We’ve said it dozens of times: watches and automobiles are about as complementary as two distinct industries can be. From the minutiae of nuanced mechanics to the desired balance of form and function, and even the mathematical relationship between speed and time, there’s a reason why so many watchmakers and auto racing teams have teamed up over the years — both as official partners or high-profile one-offs.
The latest to join the likes of TAG Heuer and Oracle Red Bull Racing, IWC Schaffhausen and Mercedes-AMG Petronas, and Richard Mille and Scuderia Ferrari is Breitling and Aston Martin Aramco F1. Announcing their partnership today (and ending AMM’s collaborative relationship with Girard-Perregaux), the brands have also unveiled their debut timepiece to coincide with the 2026 Formula One season.

A Titanium First
The most significant development of the new Navitimer B01 Chronograph is the case material. This marks the first time Breitling has executed a Navitimer in titanium — a milestone that deserves attention given the model’s 70-plus-year lineage. The weight reduction is noticeable at just 77g (2.7oz) for the watch head, though you’re still dealing with the familiar 43mm diameter, 13.69mm thickness, and 49.07mm lug-to-lug dimensions that define the modern Navitimer B01. It’s not a small watch, but the titanium construction should help with wearability.

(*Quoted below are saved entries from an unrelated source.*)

(* The quantum channel $\Pi(\rho)=\sum_{i=1}^d\langle i|\rho|i\rangle\,\tau_i$ is the unique quantum channel $\mathcal P$ on $S$ that (1) is activity breaking; (2) satisfies $\mathcal P(\mathsf{St}(S))=\mathsf P(S)$; (3) is covariant under the time evolution, i.e. $\mathcal U_t\circ\mathcal P=\mathcal P\circ\mathcal U_t$ for all $t\in\mathbb R$, where $\mathcal U_t(\rho)=e^{-itH}\rho e^{itH}$; and (4) preserves the energy ordering of the eigenstates, i.e. $\mathrm{Tr}[H\mathcal P(|i\rangle\langle i|)]\le\mathrm{Tr}[H\mathcal P(|j\rangle\langle j|)]$ for all $i\le j$.
   Context: $S$ is a $d$-dimensional quantum system with non-degenerate Hamiltonian $H=\sum_i E_i|i\rangle\langle i|$, $E_1<\dots<E_d$. $\mathsf{St}(S)$ is the set of density matrices; $\mathsf P(S)$ is the set of passive states, i.e. states $\sum_ip_i|i\rangle\langle i|$ with $p_1\ge\dots\ge p_d$. A channel is activity breaking if it maps every state into $\mathsf P(S)$. For $j=1,\dots,d$, $\tau_j=\frac1j\sum_{i=1}^j|i\rangle\langle i|$. *)

theory Defs
  imports "Jordan_Normal_Form.Matrix" "HOL-Library.Complex_Order"
begin

(* All indices are 0-based: the paper's basis vector |i>, i = 1..d, is our index i-1 < d. *)

definition trace :: "complex mat \<Rightarrow> complex" where
  "trace A = (\<Sum>i<dim_row A. A $$ (i,i))"

definition ketbra :: "complex vec \<Rightarrow> complex mat" where
  "ketbra v = mat (dim_vec v) (dim_vec v) (\<lambda>(a,b). v $ a * cnj (v $ b))"

definition proj :: "nat \<Rightarrow> nat \<Rightarrow> complex mat" where
  "proj d i = ketbra (unit_vec d i)"

definition matsum :: "nat \<Rightarrow> ('i \<Rightarrow> complex mat) \<Rightarrow> 'i set \<Rightarrow> complex mat" where
  "matsum d f I = mat d d (\<lambda>(a,b). \<Sum>i\<in>I. f i $$ (a,b))"

definition hamiltonian :: "nat \<Rightarrow> (nat \<Rightarrow> real) \<Rightarrow> complex mat" where
  "hamiltonian d E = matsum d (\<lambda>i. complex_of_real (E i) \<cdot>\<^sub>m proj d i) {..<d}"

(* e^{-itH} = sum_i e^{-i t E_i} |i><i|  (H is diagonal) *)
definition evol :: "nat \<Rightarrow> (nat \<Rightarrow> real) \<Rightarrow> real \<Rightarrow> complex mat" where
  "evol d E t = matsum d (\<lambda>i. exp (- \<i> * complex_of_real (t * E i)) \<cdot>\<^sub>m proj d i) {..<d}"

definition U_t :: "nat \<Rightarrow> (nat \<Rightarrow> real) \<Rightarrow> real \<Rightarrow> complex mat \<Rightarrow> complex mat" where
  "U_t d E t \<rho> = evol d E t * \<rho> * evol d E (- t)"

definition psd :: "nat \<Rightarrow> complex mat \<Rightarrow> bool" where
  "psd n M \<longleftrightarrow> M \<in> carrier_mat n n \<and>
     (\<forall>v \<in> carrier_vec n. (0::complex) \<le> (\<Sum>a<n. \<Sum>b<n. cnj (v $ a) * M $$ (a,b) * v $ b))"

definition states :: "nat \<Rightarrow> complex mat set" where
  "states d = {\<rho>. psd d \<rho> \<and> trace \<rho> = 1}"

definition passive_states :: "nat \<Rightarrow> complex mat set" where
  "passive_states d = {\<rho> \<in> states d. (\<forall>a<d. \<forall>b<d. a \<noteq> b \<longrightarrow> \<rho> $$ (a,b) = 0) \<and>
      (\<forall>i j. i \<le> j \<longrightarrow> j < d \<longrightarrow> Re (\<rho> $$ (j,j)) \<le> Re (\<rho> $$ (i,i)))}"

(* block (a,b) (size d x d) of a (k*d) x (k*d) matrix on C^k \<otimes> C^d *)
definition block :: "nat \<Rightarrow> complex mat \<Rightarrow> nat \<Rightarrow> nat \<Rightarrow> complex mat" where
  "block d M a b = mat d d (\<lambda>(x,y). M $$ (a*d + x, b*d + y))"

(* id_k \<otimes> P *)
definition ampl :: "nat \<Rightarrow> nat \<Rightarrow> (complex mat \<Rightarrow> complex mat) \<Rightarrow> complex mat \<Rightarrow> complex mat" where
  "ampl d k P M = mat (k*d) (k*d)
     (\<lambda>(r,c). P (block d M (r div d) (c div d)) $$ (r mod d, c mod d))"

definition completely_positive :: "nat \<Rightarrow> (complex mat \<Rightarrow> complex mat) \<Rightarrow> bool" where
  "completely_positive d P \<longleftrightarrow> (\<forall>k M. psd (k*d) M \<longrightarrow> psd (k*d) (ampl d k P M))"

definition quantum_channel :: "nat \<Rightarrow> (complex mat \<Rightarrow> complex mat) \<Rightarrow> bool" where
  "quantum_channel d P \<longleftrightarrow>
     (\<forall>A \<in> carrier_mat d d. P A \<in> carrier_mat d d) \<and>
     (\<forall>A \<in> carrier_mat d d. \<forall>B \<in> carrier_mat d d. P (A + B) = P A + P B) \<and>
     (\<forall>A \<in> carrier_mat d d. \<forall>c. P (c \<cdot>\<^sub>m A) = c \<cdot>\<^sub>m P A) \<and>
     (\<forall>A \<in> carrier_mat d d. trace (P A) = trace A) \<and>
     completely_positive d P"

definition activity_breaking :: "nat \<Rightarrow> (complex mat \<Rightarrow> complex mat) \<Rightarrow> bool" where
  "activity_breaking d P \<longleftrightarrow> (\<forall>\<rho> \<in> states d. P \<rho> \<in> passive_states d)"

(* tau_j = (1/j) sum_{i=1}^j |i><i|, paper index j = our j+1 *)
definition tau :: "nat \<Rightarrow> nat \<Rightarrow> complex mat" where
  "tau d j = (1 / of_nat (j+1)) \<cdot>\<^sub>m matsum d (proj d) {..j}"

definition Pi_ch :: "nat \<Rightarrow> complex mat \<Rightarrow> complex mat" where
  "Pi_ch d \<rho> = matsum d (\<lambda>i. \<rho> $$ (i,i) \<cdot>\<^sub>m tau d i) {..<d}"

definition characterizing_props :: "nat \<Rightarrow> (nat \<Rightarrow> real) \<Rightarrow> (complex mat \<Rightarrow> complex mat) \<Rightarrow> bool" where
  "characterizing_props d E P \<longleftrightarrow>
     quantum_channel d P \<and>
     activity_breaking d P \<and>
     P ` states d = passive_states d \<and>
     (\<forall>t::real. \<forall>\<rho> \<in> carrier_mat d d. U_t d E t (P \<rho>) = P (U_t d E t \<rho>)) \<and>
     (\<forall>i j. i \<le> j \<longrightarrow> j < d \<longrightarrow>
        Re (trace (hamiltonian d E * P (proj d i))) \<le> Re (trace (hamiltonian d E * P (proj d j))))"

end

theory Submission
  imports Defs
begin

text \<open>\<open>\<Pi>\<close> reads off the populations \<open>\<langle>i|\<rho>|i\<rangle>\<close> and prepares \<open>\<tau>\<^sub>i\<close>. As a
  measure-and-prepare map with non-negative, column-stochastic weights that decrease along the energy
  levels, it is a channel whose image is exactly the passive states, and it commutes with the time
  evolution because it only sees populations.

  Conversely, let \<open>P\<close> have the four properties. Since \<open>P\<close> outputs diagonal matrices and commutes with
  the evolution, it annihilates every coherence \<open>|a\<rangle>\<langle>b|\<close> (as \<open>E\<^sub>a \<noteq> E\<^sub>b\<close>), so
  \<open>P \<rho> = \<Sum>\<^sub>i \<langle>i|\<rho>|i\<rangle> \<sigma>\<^sub>i\<close> with passive \<open>\<sigma>\<^sub>i = P |i\<rangle>\<langle>i|\<close>. By surjectivity each
  \<open>\<tau>\<^sub>j\<close> is a convex combination of the \<open>\<sigma>\<^sub>i\<close>; being an extreme point of the passive states,
  it equals \<open>\<sigma>\<^sub>i\<close> for some \<open>i = f j\<close>. The energy of \<open>\<tau>\<^sub>j\<close> is the mean of the \<open>j\<close> lowest levels,
  strictly increasing in \<open>j\<close>, so the energy ordering makes \<open>f\<close> strictly increasing, i.e. the
  identity, and \<open>P = \<Pi>\<close>.\<close>

definition matrix_unit :: "nat \<Rightarrow> nat \<times> nat \<Rightarrow> complex mat" where
  "matrix_unit d p = mat d d (\<lambda>q. if q = p then 1 else 0)"
lemma trace_resolvent_expansion:
  assumes "B ** (mat 1 - s *m X) = mat 1"
  shows "trace (B ** X) =
    (\<Sum>k<N. s ^ k * trace (mpow X (Suc k))) + s ^ N * trace (B ** mpow X (Suc N))"
proof (induction N)
  case 0
  then show ?case
    by simp
next
  case (Suc N)
  have "B = mat 1 + s *m (B ** X)"
    using assms by (simp add: matrix_diff_ldistrib algebra_simps)
  then have "B ** mpow X (Suc N) = mpow X (Suc N) + s *m (B ** mpow X (Suc (Suc N)))"
    by (metis matrix_add_rdistrib matrix_mul_assoc matrix_mul_lid mpow.simps(2) msc_mult_left)
  then have "trace (B ** mpow X (Suc N)) =
             trace (mpow X (Suc N)) + s * trace (B ** mpow X (Suc (Suc N)))"
    by (simp add: trace_add)
  with Suc show ?case
    by (simp add: algebra_simps)
qed

text \<open>The remainder is expressed through \<open>det_deriv\<close>, which is a polynomial, because
  \<open>trace (matrix_inv (mat 1 - s *m X) ** mpow X (Suc N))\<close> is only a rational function of \<open>s\<close>.\<close>

lemma pderiv_recip_charpoly:
  "pderiv (recip_charpoly X) =
     - (recip_charpoly X * (\<Sum>k<N. monom (trace (mpow X (Suc k))) k))
     - monom 1 N * det_deriv (lin_pmat (mat 1) (- X)) (const_pmat (mpow X (Suc N)))"
  (is "?lhs = ?rhs")
proof (rule poly_eq_on_infinite)
  show "infinite {s. poly (recip_charpoly X) s \<noteq> 0}"
    using infinite_nonroots[OF infinite_UNIV_char_0 recip_charpoly_nonzero] by simp
next
  fix s
  assume "s \<in> {s. poly (recip_charpoly X) s \<noteq> 0}"
  then have "invertible (mat 1 - s *m X)"
    by (simp add: poly_recip_charpoly invertible_det_nz)
  then have inv: "matrix_inv (mat 1 - s *m X) ** pmat_eval (lin_pmat (mat 1) (- X)) s = mat 1"
    by (simp add: pmat_eval_lin_pmat matrix_inv_left)
  let ?B = "matrix_inv (mat 1 - s *m X)" and ?d = "poly (recip_charpoly X) s"
  have "poly ?lhs s = - ?d * trace (?B ** X)"
    using poly_pderiv_det[OF inv]
    by (simp add: recip_charpoly_def pmat_deriv_lin_pmat matrix_neg_left trace_neg trace_mul_sym[of X])
  also have "\<dots> = - ?d * (\<Sum>k<N. s ^ k * trace (mpow X (Suc k)))
                     - s ^ N * (?d * trace (mpow X (Suc N) ** ?B))"
    using trace_resolvent_expansion[OF matrix_inv_left[OF \<open>invertible (mat 1 - s *m X)\<close>], of N]
    by (simp add: trace_mul_sym[of "mpow X (Suc N)"] algebra_simps del: mpow.simps)
  also have "\<dots> = poly ?rhs s"
    using det_deriv_eq_trace[OF inv, of "mpow X (Suc N)"]
    by (simp add: poly_det_deriv poly_sum poly_monom sum_distrib_left sum_negf mult_ac
        pmat_eval_lin_pmat poly_recip_charpoly del: mpow.simps)
  finally show "poly ?lhs s = poly ?rhs s" .
qed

The carbon fiber dial adds another layer of racing authenticity, featuring a subtle green mottling that nods to Aston Martin Racing Green. The dial itself goes with a vintage-style reverse panda layout, while a bright lime chronograph seconds hand provides a pop of color. Interestingly, there’s no Aston Martin branding on the dial side — just the traditional AOPA wings, which some might argue subtly echo the winged Aston badge.

Heritage Meets the Grid
Breitling’s connection to Formula One isn’t entirely new territory. Legendary drivers Graham Hill and Jim Clark — both accomplished pilots in addition to their racing careers — famously wore Navitimers during the 1960s. They used the chronograph’s circular slide rule for calculations both in the cockpit and on the circuit. It’s a compelling historical thread that gives this partnership more depth than your typical sponsor-driven watch release.

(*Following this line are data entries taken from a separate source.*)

(* For all $r\ge3$ and all $N$, $$\operatorname{Im}\Big(\phi^{(r-1)}_{N,r}\circ\phi^{(r-2)}_{N,r}|_{\mathbf W_{N,r}}\circ\cdots\circ\phi^{(2)}_{N,r}|_{\mathbf W_{N,r}}\Big)\subseteq\ker\phi^{(r)}_{N,r}\cap\operatorname{Im}\Big(\phi^{(r-1)}_{N,r}\circ\cdots\circ\phi^{(2)}_{N,r}\Big),$$ where the left-hand composition is applied to $\mathbf W_{N,r}$ (for $r=3$ it is $\phi^{(2)}_{N,3}$ applied to $\mathbf W_{N,3}$), and the right-hand composition is applied to $\mathbf V_{N,r}$.
   Context: For integers $N,r\ge1$ let $S_{N,r}=\{(n_1,\dots,n_r)\in\mathbb Z^r:\ n_1+\dots+n_r=N,\ \text{each } n_i\ge3 \text{ odd}\}$; when used as an index set it is ordered lexicographically decreasingly. $\mathbf V_{N,r}$ is the $\mathbb Q$-span of the monomials $x_1^{n_1-1}\cdots x_r^{n_r-1}$ with $(n_1,\dots,n_r)\in S_{N,r}$. $\mathsf{Vect}_{N,r}=\mathbb Q^{S_{N,r}}$ (row vectors), and $\pi:\mathbf V_{N,r}\to\mathsf{Vect}_{N,r}$ is the isomorphism sending $\sum a_{n_1,\dots,n_r}x_1^{n_1-1}\cdots x_r^{n_r-1}$ to $(a_{n_1,\dots,n_r})_{(n_1,\dots,n_r)\in S_{N,r}}$. For $r\ge2$, $\mathbf W_{N,r}=\{P\in\mathbf V_{N,r}: P(x_1,\dots,x_r)=P(x_2-x_1,x_2,x_3,\dots,x_r)-P(x_2-x_1,x_1,x_3,\dots,x_r)\}$. Ihara action: for $f\in\mathbb Q[t]$ and a polynomial $g$ in $r-1$ variables, $(f\mathbin{\underline\circ}g)(x_1,\dots,x_r)=f(x_1)g(x_2,\dots,x_r)+\sum_{i=1}^{r-1}\big(f(x_{i+1}-x_i)g(x_1,\dots,\widehat{x_{i+1}},\dots,x_r)-(-1)^{\deg f}f(x_i-x_{i+1})g(x_1,\dots,\widehat{x_i},\dots,x_r)\big)$ (hats denote omitted variables). For positive integers $m_i,n_i$, $e\binom{m_1,\dots,m_r}{n_1,\dots,n_r}$ is the coefficient of $x_1^{n_1-1}\cdots x_r^{n_r-1}$ in $t^{m_1-1}\mathbin{\underline\circ}\,(y_1^{m_2-1}\cdots y_{r-1}^{m_r-1})$. $E_{N,r}$ is the $S_{N,r}\times S_{N,r}$ matrix with $(m,n)$-entry $e\binom{m}{n}$; $F_{N,r}=E_{N,r}-\mathrm{id}$. The restricted totally even part of a polynomial is the sum of its monomials in which every variable $x_1,\dots,x_r$ occurs with even exponent $\ge2$. For $1\le j\le r$, $\phi^{(j)}_{N,r}:\mathbf V_{N,r}\to\mathbf V_{N,r}$ is the linear map sending $Q$ to the restricted totally even part of $Q(x_1,\dots,x_r)+\sum_{i=r-j+1}^{r-1}\big(Q(x_1,\dots,x_{r-j},x_{i+1}-x_i,x_{r-j+1},\dots,\widehat{x_{i+1}},\dots,x_r)-Q(x_1,\dots,x_{r-j},x_{i+1}-x_i,x_{r-j+1},\dots,\widehat{x_i},\dots,x_r)\big)$ (in each term the argument list after $x_{i+1}-x_i$ is $x_{r-j+1},\dots,x_r$ with one variable omitted). For $2\le j\le r-2$, $\phi^{(j)}_{N,r}$ maps $\mathbf W_{N,r}$ into itself. It is known (Tasaka) that for $r\ge2$ and $P\in\mathbf W_{N,r}$, $\pi(P)F_{N,r}$ lies in the left kernel $\{v: vE_{N,r}=0\}$. *)

theory Defs
  imports Complex_Main "HOL-Library.Poly_Mapping"
begin

text \<open>Multivariate polynomials over Q in variables x_1, x_2, ... (indexed by positive
naturals): a finitely supported map from exponent vectors (finitely supported
nat \<Rightarrow> nat) to rational coefficients.\<close>

type_synonym qpoly = "(nat \<Rightarrow>\<^sub>0 nat) \<Rightarrow>\<^sub>0 rat"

The 1,959-piece limitation pays tribute to Aston Martin’s first Formula One entry in 1959, the same year they claimed outright victory at Le Mans with the DBR1.

What’s Inside
Powering the chronograph is Breitling’s in-house Manufacture Caliber B01, featuring a column wheel, vertical clutch architecture, and 70-hour power reserve with COSC certification. The movement is visible through the sapphire caseback, where you’ll find a specially developed matte-black tungsten rotor with PVD coating and the Aston Martin Aramco logo. Additional caseback engravings include “One of 1959” and “Instruments for Drivers.”

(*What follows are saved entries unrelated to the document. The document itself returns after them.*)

(* Let there be $p$ predictors $X_1,\dots,X_p$ and let $\widehat{m}^{(1)},\dots,\widehat{m}^{(B)}\subseteq\{1,\dots,p\}$ be bootstrap models, i.e. independent realizations of a random selected model. Fix a width $w\in\{0,\dots,p\}$. Let $\{\widehat{m}_{L,1},\widehat{m}_{U,1}\}$ be a maximizer of $\widehat{r}(m_1,m_2)$ over all pairs with $m_1\subseteq m_2\subseteq\{1,\dots,p\}$ and $|m_2|-|m_1|=w$ (Algorithm 1). Let $\overline{\pi}_j=\frac1B\sum_{b=1}^B I(j\in\widehat{m}^{(b)})$, let $(u_1,\dots,u_p)$ be the ordering of $\{1,\dots,p\}$ with $\overline{\pi}_{u_1}>\cdots>\overline{\pi}_{u_p}$ (assuming no ties), and let $\{\widehat{m}_{L,2},\widehat{m}_{U,2}\}=\{\{u_1,\dots,u_{k^\ast}\},\{u_1,\dots,u_{k^\ast+w}\}\}$ where $k^\ast$ maximizes $\widehat{r}(\{u_1,\dots,u_k\},\{u_1,\dots,u_{k+w}\})$ over $0\le k\le p-w$ (Algorithm 2). Assume (A.3): the events $I(X_j)$, $j=1,\dots,p$, are mutually independent, where $I(X_j)$ denotes the event that $X_j$ is selected in the model (i.e. $j$ belongs to the random selected model). Then, as $B\to\infty$, $$\left|\widehat{r}(\widehat{m}_{L,1},\widehat{m}_{U,1})-\widehat{r}(\widehat{m}_{L,2},\widehat{m}_{U,2})\right|=o_p(1).$$
   Context: Models are identified with index sets of predictors, i.e. subsets of $\{1,\dots,p\}$; $|m|$ denotes cardinality. For nested models $m_1\subseteq m_2$, the bootstrap coverage rate is $\widehat{r}(m_1,m_2)=\frac1B\sum_{b=1}^B I(m_1\subseteq\widehat{m}^{(b)}\subseteq m_2)$, with $I(\cdot)$ the indicator function. *)

theory Defs
  imports "HOL-Probability.Probability"
begin

definition cov_rate :: "nat \<Rightarrow> (nat \<Rightarrow> nat set) \<Rightarrow> nat set \<Rightarrow> nat set \<Rightarrow> real" where
  "cov_rate B ms m1 m2 = (\<Sum>b<B. if m1 \<subseteq> ms b \<and> ms b \<subseteq> m2 then 1 else 0) / real B"

definition incl_freq :: "nat \<Rightarrow> (nat \<Rightarrow> nat set) \<Rightarrow> nat \<Rightarrow> real" where
  "incl_freq B ms j = (\<Sum>b<B. if j \<in> ms b then 1 else 0) / real B"

definition boot_sample :: "nat set pmf \<Rightarrow> nat \<Rightarrow> (nat \<Rightarrow> nat set) pmf" where
  "boot_sample D B = Pi_pmf {..<B} {} (\<lambda>_. D)"

end

theory Submission
  imports Defs "HOL-Real_Asymp.Real_Asymp"
begin

text \<open>
  Write \<open>\<pi> j\<close> for the probability that predictor \<open>j\<close> is selected. Under independence (A.3)
  the probability that the selected model lies between \<open>m1 \<subseteq> m2\<close> is
  \<open>\<Prod>j\<in>m1. \<pi> j\<close> times \<open>\<Prod>j\<notin>m2. 1 - \<pi> j\<close>, and among pairs of width \<open>w\<close> this is maximised
  by two prefixes of any ranking of the predictors by decreasing \<open>\<pi>\<close>. By Hoeffding's inequality,
  with probability tending to one all of the finitely many empirical coverage rates and inclusion
  frequencies are simultaneously within \<open>\<delta>\<close> of their means; for \<open>\<delta>\<close> below half the smallest gap
  between distinct \<open>\<pi> j\<close>, the empirical ranking is then a ranking by decreasing \<open>\<pi>\<close>. So the
  prefix pair searched by Algorithm 2 is at least as good in truth as the pair of Algorithm 1, and
  their empirical coverage rates differ by less than \<open>2 * \<delta>\<close>.
\<close>

definition emp_prob :: "nat \<Rightarrow> (nat \<Rightarrow> 'a) \<Rightarrow> 'a set \<Rightarrow> real" where
  "emp_prob B xs A = (\<Sum>b<B. if xs b \<in> A then 1 else 0) / real B"
lemma emeasure_distr_density_pair:
  fixes f :: "'a \<Rightarrow> 'b \<Rightarrow> ennreal" and g :: "'a \<Rightarrow> 'b \<Rightarrow> 'c::topological_space"
  assumes "sigma_finite_measure N"
    and [measurable]: "(\<lambda>(x, y). f x y) \<in> borel_measurable (M \<Otimes>\<^sub>M N)"
      "(\<lambda>(x, y). g x y) \<in> borel_measurable (M \<Otimes>\<^sub>M N)" "B \<in> sets borel"
  shows "emeasure (distr (density (M \<Otimes>\<^sub>M N) (\<lambda>(x, y). f x y)) borel (\<lambda>(x, y). g x y)) B
       = (\<integral>\<^sup>+x. \<integral>\<^sup>+y. f x y * indicator B (g x y) \<partial>N \<partial>M)"
proof -
  have "emeasure (distr (density (M \<Otimes>\<^sub>M N) (\<lambda>(x, y). f x y)) borel (\<lambda>(x, y). g x y)) B
      = (\<integral>\<^sup>+p. (\<lambda>(x, y). f x y * indicator B (g x y)) p \<partial>(M \<Otimes>\<^sub>M N))"
  proof -
    have "(\<lambda>(x, y). g x y) -` B \<inter> space (M \<Otimes>\<^sub>M N) \<in> sets (M \<Otimes>\<^sub>M N)"
      by measurable
    then show ?thesis
      by (simp add: emeasure_distr emeasure_density)
         (auto intro!: nn_integral_cong split: split_indicator)
  qed
  also have "\<dots> = (\<integral>\<^sup>+x. \<integral>\<^sup>+y. f x y * indicator B (g x y) \<partial>N \<partial>M)"
    using sigma_finite_measure.nn_integral_fst[OF assms(1), of "\<lambda>(x, y). f x y * indicator B (g x y)" M]
    by simp
  finally show ?thesis .
qed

Lastly, the embossed leather strap mimics the texture of racing seatbelts, with British Racing Green leather lining and a titanium folding clasp.

Spec Sheet
Model: Navitimer B01 Chronograph 43 Aston Martin Aramco Formula One Team
Case Material: Titanium
Case Size: 43mm
Case Thickness: 13.69mm
Lug-to-Lug: 49.07mm
Movement: Breitling Manufacture Caliber B01 automatic
Power Reserve: Approximately 70 hours
Water Resistance: 30m
Dial: Carbon fiber with green undertones, reverse panda layout
Strap: Embossed leather with racing harness texture, titanium folding clasp
Limited Edition: 1,959 pieces
Pricing & Availability
The Navitimer B01 Chronograph 43 Aston Martin Aramco Formula One Team is priced at $11,500 and limited to 1,959 pieces. Pre-orders are available now through Breitling’s website and authorized retailers, with an average delivery time of two months. The partnership makes its on-track debut at the Australian Grand Prix in Melbourne on March 6-8, 2026.
Recap
Breitling Navitimer B01 Chronograph 43 Aston Martin Aramco Formula ONE
Breitling just dropped their first-ever titanium Navitimer as part of a new partnership with Aston Martin’s F1 team, and it’s limited to 1,959 pieces as a nod to Aston’s 1959 Formula One debut. At $11,500, you’re getting the brand’s in-house B01 movement in a carbon fiber-dialed package that connects the watchmaker’s aviation heritage to the racetrack.